Recommended analysis pipeline

Based on our results, we recommend the following approach for estimating the dimensionality of neural recordings (Fig 10). First, obtain an upper-bound estimate D of the intrinsic dimensionality of the data. We found that Parallel Analysis works well for this purpose, being both computationally efficient and the most accurate linear method in our tests. Next, the signals should be denoised. Our denoising approach worked by projecting the neural signals into a subspace of dimensionality D equal to the upper-bound dimensionality estimate, and then reconstructing them based on these projections. A PCA based reconstruction is easy to implement and interpret and may be preferable if computational efficiency is important. A nonlinear denoising algorithm, such as the Joint Autoencoder we proposed, should also be used to assess the degree of nonlinearity of the manifold. The usefulness of the denoising step was quantified through the VAF between the reconstructed signals, assumed to be denoised, and the noise-free synthetic signals before noise was added to them. Our results showed that for nonlinear datasets this VAF was higher for the Joint Autoencoder than it was for PCA. However, this VAF cannot be computed for experimental data, for which we do not have access to the noise-free signals. In this scenario, the reconstruction VAF between noisy inputs and the denoised reconstructed outputs may be useful for detecting nonlinear manifolds: a higher reconstruction VAF for Joint Autoencoder denoising than for PCA denoising would signal a nonlinear manifold. A reconstruction VAF that prefers the Joint Autoencoder indicates that this denoising method yields better denoised signals. Once the signals are denoised, and the linearity or nonlinearity of the manifold is established, either a linear or nonlinear dimensionality estimation method should be used depending on the comparative performance of the corresponding denoising algorithms. The most accurate linear method we tested was Parallel Analysis. Of the nonlinear methods, Levina-Bickel Maximum Likelihood Estimation and Two Nearest Neighbors were the most accurate; Levina-Bickel Maximum Likelihood Estimation required fewer data samples.

Fig 10. Recommended analysis pipeline for estimating the dimensionality of multi-electrode array recordings.

Fig 10

First, obtain an upper-bound dimensionality estimate D using a linear algorithm. Parallel Analysis works well for this purpose. Next, denoise the data using both linear (PCA based) and nonlinear (JAE based) denoising approaches and compare their reconstruction VAFs. Higher VAF for the PCA based denoising. Similar VAFs for the linear and nonlinear denoising approaches would signal a linear manifold. In contrast, higher VAF for the JAE based denoising would signal a nonlinear manifold.

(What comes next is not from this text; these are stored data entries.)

lemma realised_by_looped_path_blowup:
  assumes "0 \<le> q" "q \<le> 1/2"
  shows "realised_by (3 * q^2 - 4 * q^3) (1/4 - (3 * q^2 - 4 * q^3))
    (\<lambda>n. blowup looped_path (path_part q n))"
proof -
  have parts: "path_part q n ` {..<n} \<subseteq> {0..3}" for n
    by (auto simp: path_part_def)
  have sym: "looped_path j i" if "looped_path i j" for i j
    using that unfolding looped_path_def by auto
  have tendsto: "(\<lambda>n. real (k3 n (blowup R (path_part q n))) / real (n choose 3))
      \<longlonglongrightarrow> weighted_triangle_density {0..3} (path_weight q) R"
    if "\<And>i j. R i j \<Longrightarrow> R j i" for R
    using finite_atLeastAtMost parts card_path_part_tendsto[OF assms] that
    by (rule k3_density_blowup_tendsto)
  show ?thesis
    unfolding realised_by_def compl_graph_blowup
  proof (intro conjI allI)
    show "simple_graph_on n (blowup looped_path (path_part q n))" for n
      using sym by (rule simple_graph_on_blowup)
    show "(\<lambda>n. real (k3 n (blowup (\<lambda>i j. \<not> looped_path i j) (path_part q n))) / real (n choose 3))
        \<longlonglongrightarrow> 3 * q^2 - 4 * q^3"
      using tendsto[of "\<lambda>i j. \<not> looped_path i j"] sym
      unfolding weighted_triangle_density_not_looped_path by blast
    show "(\<lambda>n. real (k3 n (blowup looped_path (path_part q n))) / real (n choose 3))
        \<longlonglongrightarrow> 1/4 - (3 * q^2 - 4 * q^3)"
      using tendsto[of looped_path] sym
      unfolding weighted_triangle_density_looped_path by blast
  qed
qed

theorem lemma2p3:
  fixes x :: real
  assumes "0 \<le> x" and "x \<le> 1/4"
  shows "c33 x = 1/4 - x"
proof -
  have "\<exists>q\<ge>0. q \<le> 1/2 \<and> 3 * q^2 - 4 * q^3 = x"
    using assms by (intro IVT'[of "\<lambda>q. 3 * q^2 - 4 * q^3"] continuous_intros) (simp_all add: power_divide)
  then obtain q where q: "0 \<le> q" "q \<le> 1/2" "3 * q^2 - 4 * q^3 = x"
    by blast
  have "(x, 1/4 - x) \<in> Omega33"
    using realised_by_looped_path_blowup[OF q(1,2)] q(3) assms unfolding Omega33_def by auto
  moreover have "1/4 - x \<le> y" if "(x, y) \<in> Omega33" for y
    using that realised_by_imp_quarter_le_sum unfolding Omega33_def by force
  ultimately show ?thesis
    unfolding c33_def by (intro cInf_eq_minimum) auto
qed

end
(* Let $R\ge0$ and let $X$ be an $R$-rough geodesic metric space that is asymptotically $\mathrm{CAT}(0)$. Then $X$ is strongly shortcut.
   Context: A metric space is asymptotically $\mathrm{CAT}(0)$ if every asymptotic cone of it is $\mathrm{CAT}(0)$. Asymptotic cone: for a nonprincipal ultrafilter $\mathscr U$ on $\mathbb N$, basepoints $b^{(m)}\in X$ and scalars $s^{(m)}\to\infty$, take sequences $(x_m)$ with $d(x_m,b^{(m)})/s^{(m)}$ bounded, pseudometric $\lim_{\mathscr U} d(x_m,x'_m)/s^{(m)}$, and pass to the metric quotient. $X$ is $R$-rough geodesic if any $x_1,x_2$ are joined by $f\colon[0,\ell]\to X$, $\ell=d(x_1,x_2)$, $f(0)=x_1,f(\ell)=x_2$, with $|d(f(s),f(t))-|s-t||\le R$. An $R$-circle is a map $\alpha\colon S\to X$ from a Riemannian circle $S$ of length $|S|$ with $d(\alpha(p),\alpha(q))\le d_S(p,q)+R$; for $K>1$ it is $\frac1K$-almost isometric if $d(\alpha(p),\alpha(\bar p))\ge\frac1K\cdot\frac{|S|}2$ for all antipodal $p,\bar p\in S$. $X$ is strongly shortcut if for some $K>1$ there is a bound on the lengths of the $\frac1K$-almost isometric $R$-circles in $X$. *)

theory Defs
  imports "HOL-Analysis.Analysis"
begin

definition geodesic_between :: "'b set \<Rightarrow> ('b \<Rightarrow> 'b \<Rightarrow> real) \<Rightarrow> 'b \<Rightarrow> 'b \<Rightarrow> (real \<Rightarrow> 'b) \<Rightarrow> bool" where
  "geodesic_between M d x y g \<longleftrightarrow>
     g ` {0..d x y} \<subseteq> M \<and> g 0 = x \<and> g (d x y) = y \<and>
     (\<forall>s\<in>{0..d x y}. \<forall>t\<in>{0..d x y}. d (g s) (g t) = \<bar>s - t\<bar>)"

definition geodesic_space :: "'b set \<Rightarrow> ('b \<Rightarrow> 'b \<Rightarrow> real) \<Rightarrow> bool" where
  "geodesic_space M d \<longleftrightarrow> (\<forall>x\<in>M. \<forall>y\<in>M. \<exists>g. geodesic_between M d x y g)"

definition cmp_pt :: "real^2 \<Rightarrow> real^2 \<Rightarrow> real \<Rightarrow> real \<Rightarrow> real^2" where
  "cmp_pt a b l s = a + (if l = 0 then 0 else s / l) *\<^sub>R (b - a)"

definition CAT0_triangle_ineq ::
  "('b \<Rightarrow> 'b \<Rightarrow> real) \<Rightarrow> 'b \<Rightarrow> 'b \<Rightarrow> 'b \<Rightarrow> (real \<Rightarrow> 'b) \<Rightarrow> (real \<Rightarrow> 'b) \<Rightarrow> (real \<Rightarrow> 'b)
     \<Rightarrow> real^2 \<Rightarrow> real^2 \<Rightarrow> real^2 \<Rightarrow> bool" where
  "CAT0_triangle_ineq d x y z g1 g2 g3 xa ya za \<longleftrightarrow>
     (let sides = {(g1, xa, ya, d x y), (g2, ya, za, d y z), (g3, za, xa, d z x)} in
      \<forall>(c1, a1, b1, l1)\<in>sides. \<forall>(c2, a2, b2, l2)\<in>sides.
        \<forall>s\<in>{0..l1}. \<forall>t\<in>{0..l2}.
          d (c1 s) (c2 t) \<le> dist (cmp_pt a1 b1 l1 s) (cmp_pt a2 b2 l2 t))"

definition CAT0 :: "'b set \<Rightarrow> ('b \<Rightarrow> 'b \<Rightarrow> real) \<Rightarrow> bool" where
  "CAT0 M d \<longleftrightarrow> geodesic_space M d \<and>
     (\<forall>x\<in>M. \<forall>y\<in>M. \<forall>z\<in>M. \<forall>g1 g2 g3.
        geodesic_between M d x y g1 \<and> geodesic_between M d y z g2 \<and> geodesic_between M d z x g3 \<longrightarrow>
        (\<forall>xa ya za. dist xa ya = d x y \<and> dist ya za = d y z \<and> dist za xa = d z x \<longrightarrow>
           CAT0_triangle_ineq d x y z g1 g2 g3 xa ya za))"

definition nonprincipal_ultrafilter :: "nat filter \<Rightarrow> bool" where
  "nonprincipal_ultrafilter U \<longleftrightarrow> U \<noteq> bot \<and>
     (\<forall>P. eventually P U \<or> eventually (\<lambda>m. \<not> P m) U) \<and>
     (\<forall>n. eventually (\<lambda>m. m \<noteq> n) U)"

definition cone_seqs :: "(nat \<Rightarrow> 'a::metric_space) \<Rightarrow> (nat \<Rightarrow> real) \<Rightarrow> (nat \<Rightarrow> 'a) set" where
  "cone_seqs b s = {x. bounded (range (\<lambda>m. dist (x m) (b m) / s m))}"

definition cone_pdist :: "nat filter \<Rightarrow> (nat \<Rightarrow> real) \<Rightarrow> (nat \<Rightarrow> 'a::metric_space) \<Rightarrow> (nat \<Rightarrow> 'a) \<Rightarrow> real" where
  "cone_pdist U s x y = Lim U (\<lambda>m. dist (x m) (y m) / s m)"

definition cone_carrier :: "nat filter \<Rightarrow> (nat \<Rightarrow> 'a::metric_space) \<Rightarrow> (nat \<Rightarrow> real) \<Rightarrow> (nat \<Rightarrow> 'a) set set" where
  "cone_carrier U b s = (\<lambda>x. {y \<in> cone_seqs b s. cone_pdist U s x y = 0}) ` cone_seqs b s"

definition cone_dist :: "nat filter \<Rightarrow> (nat \<Rightarrow> real) \<Rightarrow> (nat \<Rightarrow> 'a::metric_space) set \<Rightarrow> (nat \<Rightarrow> 'a) set \<Rightarrow> real" where
  "cone_dist U s A B = cone_pdist U s (SOME x. x \<in> A) (SOME y. y \<in> B)"

definition asymptotically_CAT0 :: "'a::metric_space itself \<Rightarrow> bool" where
  "asymptotically_CAT0 _ \<longleftrightarrow>
     (\<forall>U (b :: nat \<Rightarrow> 'a) (s :: nat \<Rightarrow> real).
        nonprincipal_ultrafilter U \<and> filterlim s at_top sequentially \<longrightarrow>
        CAT0 (cone_carrier U b s) (cone_dist U s))"
(* Let $v:\mathbb X\times\mathbb X\to[0,\infty]$ be a measurable symmetric pair potential and $z:\mathbb X\to[0,\infty)$ measurable with $\int_Bz\,d\lambda<\infty$ for all $B\in\mathcal X_{\mathsf b}$; assume $f\le 0$ $\lambda^2$-a.e., and let $a:\mathbb X\to[0,\infty)$ measurable and $t>0$ be such that for $\lambda$-almost all $x_0\in\mathbb X$, $$\sum_{k=1}^\infty\frac{e^{tk}}{k!}\int_{\mathbb X^k}\prod_{j=1}^k|f(x_0,y_j)|\prod_{1\le i<j\le k}\bigl(1+f(y_i,y_j)\bigr)\prod_{j=1}^k z(y_j)e^{a(y_j)}\,d\lambda^k(\mathbf y)\le e^{a(x_0)}-1.$$ Then $K_z$ is a bounded linear operator on the Banach space $E$ with operator norm $\|K_z\|\le e^{-t}<1$.
   Context: $(\mathbb X,\mathcal X)$ is a complete separable metric space with Borel $\sigma$-algebra, $\mathcal X_{\mathsf b}$ the bounded Borel sets, $\lambda$ a measure finite on bounded sets; $f(x,y)=e^{-v(x,y)}-1$. $E_0$ is the space of sequences $\boldsymbol\rho=(\rho_n)_{n\in\mathbb N}$ of measurable $\rho_n:\mathbb X^n\to\mathbb R$ for which there is $C\ge0$ with $|\rho_n(x_1,\dots,x_n)|\le Ce^{tn}\prod_{1\le i<j\le n}(1+f(x_i,x_j))\prod_{i=1}^nz(x_i)e^{a(x_i)}$ for all $n$ and $\lambda^n$-almost all $\mathbf x$; $\|\boldsymbol\rho\|_0$ is the smallest such $C$, and $E$ is the quotient of $E_0$ by $\{\|\boldsymbol\rho\|_0=0\}$ with the induced norm (a Banach space). The operator $K_z$ is defined by $(K_z\boldsymbol\rho)_1(x_0)=z(x_0)\sum_{k\ge1}\frac1{k!}\int_{\mathbb X^k}\prod_{j=1}^kf(x_0,y_j)\rho_k(y_1,\dots,y_k)\,d\lambda^k(\mathbf y)$ and, for $n\in\mathbb N$, $(K_z\boldsymbol\rho)_{n+1}(x_0,\dots,x_n)=z(x_0)\prod_{i=1}^n(1+f(x_0,x_i))\bigl(\rho_n(x_1,\dots,x_n)+\sum_{k\ge1}\frac1{k!}\int_{\mathbb X^k}\prod_{j=1}^kf(x_0,y_j)\rho_{n+k}(x_1,\dots,x_n,y_1,\dots,y_k)\,d\lambda^k(\mathbf y)\bigr)$. *)

theory Defs
  imports "HOL-Analysis.Analysis"
begin

definition mayer :: "('a \<Rightarrow> 'a \<Rightarrow> ennreal) \<Rightarrow> 'a \<Rightarrow> 'a \<Rightarrow> real" where
  "mayer v x y = (if v x y = \<infinity> then -1 else exp (- enn2real (v x y)) - 1)"

definition PX :: "'a measure \<Rightarrow> nat \<Rightarrow> (nat \<Rightarrow> 'a) measure" where
  "PX lam n = PiM {..<n} (\<lambda>_. lam)"

definition weight :: "('a \<Rightarrow> 'a \<Rightarrow> ennreal) \<Rightarrow> ('a \<Rightarrow> real) \<Rightarrow> ('a \<Rightarrow> real) \<Rightarrow> real
    \<Rightarrow> nat \<Rightarrow> (nat \<Rightarrow> 'a) \<Rightarrow> real" where
  "weight v z a t n x = exp (t * real n) * (\<Prod>j<n. \<Prod>i<j. 1 + mayer v (x i) (x j))
     * (\<Prod>i<n. z (x i) * exp (a (x i)))"

text \<open>Sequences rho = (rho_n)_{n>=1}; the entry rho 0 is ignored.\<close>
definition E0 :: "'a measure \<Rightarrow> ('a \<Rightarrow> 'a \<Rightarrow> ennreal) \<Rightarrow> ('a \<Rightarrow> real) \<Rightarrow> ('a \<Rightarrow> real) \<Rightarrow> real
    \<Rightarrow> (nat \<Rightarrow> (nat \<Rightarrow> 'a) \<Rightarrow> real) set" where
  "E0 lam v z a t = {\<rho>. (\<forall>n\<ge>1. \<rho> n \<in> borel_measurable (PX lam n)) \<and>
     (\<exists>C\<ge>0. \<forall>n\<ge>1. AE x in PX lam n. \<bar>\<rho> n x\<bar> \<le> C * weight v z a t n x)}"

definition norm0 :: "'a measure \<Rightarrow> ('a \<Rightarrow> 'a \<Rightarrow> ennreal) \<Rightarrow> ('a \<Rightarrow> real) \<Rightarrow> ('a \<Rightarrow> real) \<Rightarrow> real
    \<Rightarrow> (nat \<Rightarrow> (nat \<Rightarrow> 'a) \<Rightarrow> real) \<Rightarrow> real" where
  "norm0 lam v z a t \<rho> = Inf {C. 0 \<le> C \<and>
     (\<forall>n\<ge>1. AE x in PX lam n. \<bar>\<rho> n x\<bar> \<le> C * weight v z a t n x)}"

text \<open>Integrand of the k-th term for (K rho)_{n+1}(x_0,...,x_n):
  prod_{j<k} f(x_0,y_j) * rho_{n+k}(x_1,...,x_n,y_1,...,y_k).\<close>
definition Kint :: "('a \<Rightarrow> 'a \<Rightarrow> ennreal) \<Rightarrow> (nat \<Rightarrow> (nat \<Rightarrow> 'a) \<Rightarrow> real) \<Rightarrow> nat
    \<Rightarrow> (nat \<Rightarrow> 'a) \<Rightarrow> nat \<Rightarrow> (nat \<Rightarrow> 'a) \<Rightarrow> real" where
  "Kint v \<rho> n x k y = (\<Prod>j<k. mayer v (x 0) (y j)) *
     \<rho> (n + k) (\<lambda>i\<in>{..<n + k}. if i < n then x (Suc i) else y (i - n))"

text \<open>The operator K_z; (K rho)_{n+1} at x = (x_0,...,x_n). For n = 0 the term rho_0 is absent.\<close>
definition Kop :: "'a measure \<Rightarrow> ('a \<Rightarrow> 'a \<Rightarrow> ennreal) \<Rightarrow> ('a \<Rightarrow> real)
    \<Rightarrow> (nat \<Rightarrow> (nat \<Rightarrow> 'a) \<Rightarrow> real) \<Rightarrow> nat \<Rightarrow> (nat \<Rightarrow> 'a) \<Rightarrow> real" where
  "Kop lam v z \<rho> m x = (case m of 0 \<Rightarrow> 0 | Suc n \<Rightarrow>
     z (x 0) * (\<Prod>i\<in>{1..n}. 1 + mayer v (x 0) (x i)) *
     ((if n = 0 then 0 else \<rho> n (\<lambda>i\<in>{..<n}. x (Suc i))) +
      (\<Sum>k. (\<integral>y. Kint v \<rho> n x (Suc k) y \<partial>PX lam (Suc k)) / fact (Suc k))))"

end

theory Submission
  imports Defs
begin

(* Write W_n(x) = e^{tn} prod_{i<j} (1 + f(x_i, x_j)) prod_i z(x_i) e^{a(x_i)} for the weight of the
   norm. Since v >= 0, every factor 1 + f lies in [0, 1], so W is submultiplicative under
   concatenation of tuples: W_{n+k}(x, y) <= W_n(x) W_k(y). Hence if |rho_m| <= C W_m for all m,
   the k-th integral in (K_z rho)_{n+1}(x_0, ..., x_n) is at most C W_n(x_1, ..., x_n) e^{tk} times
   the k-th integral of the Kotecky-Preiss condition at x_0, and that condition sums these bounds
   to C W_n(x_1, ..., x_n) (e^{a(x_0)} - 1). Adding the term rho_n and multiplying by the prefactor
   z(x_0) prod_i (1 + f(x_0, x_i)) gives exactly e^{-t} C W_{n+1}(x_0, ..., x_n). Thus C -> e^{-t} C
   maps admissible constants for rho to admissible constants for K_z rho, which is the norm bound;
   linearity holds wherever the defining series converge absolutely, i.e. almost everywhere. *)

lemma sigma_finite_if_finite_on_bounded:
  fixes M :: "'a::metric_space measure"
  assumes sets_M: "sets M = sets borel"
    and finite_bounded: "\<And>B. B \<in> sets borel \<Longrightarrow> bounded B \<Longrightarrow> emeasure M B < \<infinity>"
  shows "sigma_finite_measure M"
proof
  let ?A = "range (\<lambda>m::nat. ball undefined (real m) :: 'a set)"
  have "\<Union>?A = UNIV"
    by (auto simp: reals_Archimedean2)
  moreover have "emeasure M (ball c r) \<noteq> \<infinity>" for c :: 'a and r
    using finite_bounded[of "ball c r"] by auto
  ultimately show "\<exists>A. countable A \<and> A \<subseteq> sets M \<and> \<Union>A = space M \<and> (\<forall>a\<in>A. emeasure M a \<noteq> \<infinity>)"
    using sets_eq_imp_space_eq[OF sets_M] finite_bounded
    by (intro exI[of _ ?A]) (auto simp: sets_M)
qed

lemma prod_lessThan_add: "(\<Prod>i<n + k. F i) = (\<Prod>i<n. F i) * (\<Prod>i<k. F (n + i))"
  for F :: "nat \<Rightarrow> 'b::comm_monoid_mult"
  by (induction k) (simp_all add: mult.assoc)

lemma prod_triangle_lessThan_add:
  fixes h :: "nat \<Rightarrow> nat \<Rightarrow> 'b::comm_monoid_mult"
  shows "(\<Prod>j<n + k. \<Prod>i<j. h i j) =
    (\<Prod>j<n. \<Prod>i<j. h i j) * (\<Prod>j<k. \<Prod>i<n. h i (n + j)) * (\<Prod>j<k. \<Prod>i<j. h (n + i) (n + j))"
  by (simp add: prod_lessThan_add prod.distrib mult.assoc)

lemma all_less_add_iff: "(\<forall>i<n + k. P i) \<longleftrightarrow> (\<forall>i<n. P i) \<and> (\<forall>i<k. P (n + i))"
  for n k :: nat
  by (metis add_diff_inverse_nat nat_add_left_cancel_less trans_less_add1)

lemma AE_distr_left_inverse:
  assumes f: "f \<in> measurable M N" and g: "g \<in> measurable N M"
    and inverse: "\<And>x. x \<in> space M \<Longrightarrow> g (f x) = x" and P: "AE x in M. P x"
  shows "AE y in distr M N f. P (g y)"
proof -
  obtain A where A: "A \<in> null_sets M" "{x \<in> space M. \<not> P x} \<subseteq> A"
    using P by (auto simp: eventually_ae_filter)
  have "f -` (g -` A \<inter> space N) \<inter> space M = A"
    using A(1)[THEN null_setsD2, THEN sets.sets_into_space] inverse measurable_space[OF f]
    by force
  then have "g -` A \<inter> space N \<in> null_sets (distr M N f)"
    using A(1) null_setsD2[OF A(1)] measurable_sets[OF g] by (simp add: null_sets_distr_iff[OF f])
  then show ?thesis
    using A(2) inverse measurable_space[OF g] unfolding eventually_ae_filter
    by (intro bexI[of _ "g -` A \<inter> space N"]) auto
qed

lemma (in pair_sigma_finite) AE_pair_measure_fst_snd:
  assumes "AE x in M1. P x" and "AE y in M2. Q y"
  shows "AE p in M1 \<Otimes>\<^sub>M M2. P (fst p) \<and> Q (snd p)"
proof -
  obtain A where A: "A \<in> null_sets M1" "{x \<in> space M1. \<not> P x} \<subseteq> A"
    using assms(1) by (auto simp: eventually_ae_filter)
  obtain B where B: "B \<in> null_sets M2" "{y \<in> space M2. \<not> Q y} \<subseteq> B"
    using assms(2) by (auto simp: eventually_ae_filter)
  have "A \<times> space M2 \<in> null_sets (M1 \<Otimes>\<^sub>M M2)" "space M1 \<times> B \<in> null_sets (M1 \<Otimes>\<^sub>M M2)"
    using A(1) B(1) by (auto simp: null_sets_def M2.emeasure_pair_measure_Times)
  then have "A \<times> space M2 \<union> space M1 \<times> B \<in> null_sets (M1 \<Otimes>\<^sub>M M2)"
    by (rule null_sets.Un)
  then show ?thesis
    using A(2) B(2) unfolding eventually_ae_filter
    by (intro bexI[of _ "A \<times> space M2 \<union> space M1 \<times> B"]) (auto simp: space_pair_measure)
qed

lemma real_series_of_nn_integral_series_le:
  fixes M :: "nat \<Rightarrow> 'b measure" and g :: "nat \<Rightarrow> 'b \<Rightarrow> real"
  assumes g_meas: "\<And>k. g k \<in> borel_measurable (M k)" and g_nonneg: "\<And>k y. 0 \<le> g k y"
    and c_pos: "\<And>k. 0 < c k" and B: "0 \<le> B"
    and series: "(\<Sum>k. ennreal (c k) * (\<integral>\<^sup>+y. ennreal (g k y) \<partial>M k)) \<le> ennreal B"
  shows "integrable (M k) (g k)"
    and "summable (\<lambda>k. c k * (\<integral>y. g k y \<partial>M k))"
    and "(\<Sum>k. c k * (\<integral>y. g k y \<partial>M k)) \<le> B"
proof -
  have "(\<integral>\<^sup>+y. ennreal (g k y) \<partial>M k) < \<infinity>" for k
  proof -
    have "ennreal (c k) * (\<integral>\<^sup>+y. ennreal (g k y) \<partial>M k) < \<infinity>"
      by (rule ennreal_suminf_lessD, rule order.strict_trans1[OF series]) simp
    then show ?thesis
      using c_pos[of k] by (auto simp: ennreal_mult_less_top)
  qed
  then show g_int: "integrable (M k) (g k)" for k
    by (intro integrableI_nonneg g_meas AE_I2 g_nonneg)
  have term_nonneg: "0 \<le> c k * (\<integral>y. g k y \<partial>M k)" for k
    using c_pos[of k] by (simp add: g_nonneg)
  have "ennreal (c k) * (\<integral>\<^sup>+y. ennreal (g k y) \<partial>M k) = ennreal (c k * (\<integral>y. g k y \<partial>M k))" for k
    using g_int c_pos[of k] by (simp add: nn_integral_eq_integral g_nonneg ennreal_mult)
  then have sum_le: "(\<Sum>k. ennreal (c k * (\<integral>y. g k y \<partial>M k))) \<le> ennreal B"
    using series by simp
  show summable: "summable (\<lambda>k. c k * (\<integral>y. g k y \<partial>M k))"
    using sum_le by (intro summable_suminf_not_top term_nonneg) (auto simp: top_unique)
  show "(\<Sum>k. c k * (\<integral>y. g k y \<partial>M k)) \<le> B"
    using sum_le B by (simp add: suminf_ennreal2[OF term_nonneg summable])
qed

Finally, once the signals have been denoised using the appropriate denoising method based on the determined linearity of the manifold, estimate the dimensionality of the denoised signals. Parallel Analysis is appropriate for linear manifolds. Levina-Bickel Maximum Likelihood Estimation and Two Nearest Neighbor are the most accurate nonlinear algorithms that we tested.

Conclusions

Estimating the dimensionality of neural data is challenging. In this study, we tested several available algorithms and determined the conditions under which estimating dimensionality may be particularly difficult or even impractical. Noise is a confounding factor and must be removed prior to dimensionality estimation. Most existing studies have estimated intrinsic dimensionality using linear methods that are computationally efficient and easy to interpret. We showed that linear methods provide an upper-bound to the intrinsic dimensionality, and in cases of high noise, may even provide better estimates than nonlinear methods, although neither linear nor nonlinear methods will yield accurate estimates in this scenario. Nonlinear algorithms were more accurate for nonlinear datasets when noise was adequately removed. Finally, algorithms failed when the intrinsic dimensionality was high. It may be impractical or impossible to estimate the dimensionality of neural data when it is above ~20. However, estimation of the dimensionality of neural activity in the primary motor cortex may be possible, as many studies have reported its linear dimensionality to be within the practical limits for accurate estimation by the methods we tested.

Supporting information

S1 Table. Application of the recommended analysis pipeline to three sets of real neural recordings.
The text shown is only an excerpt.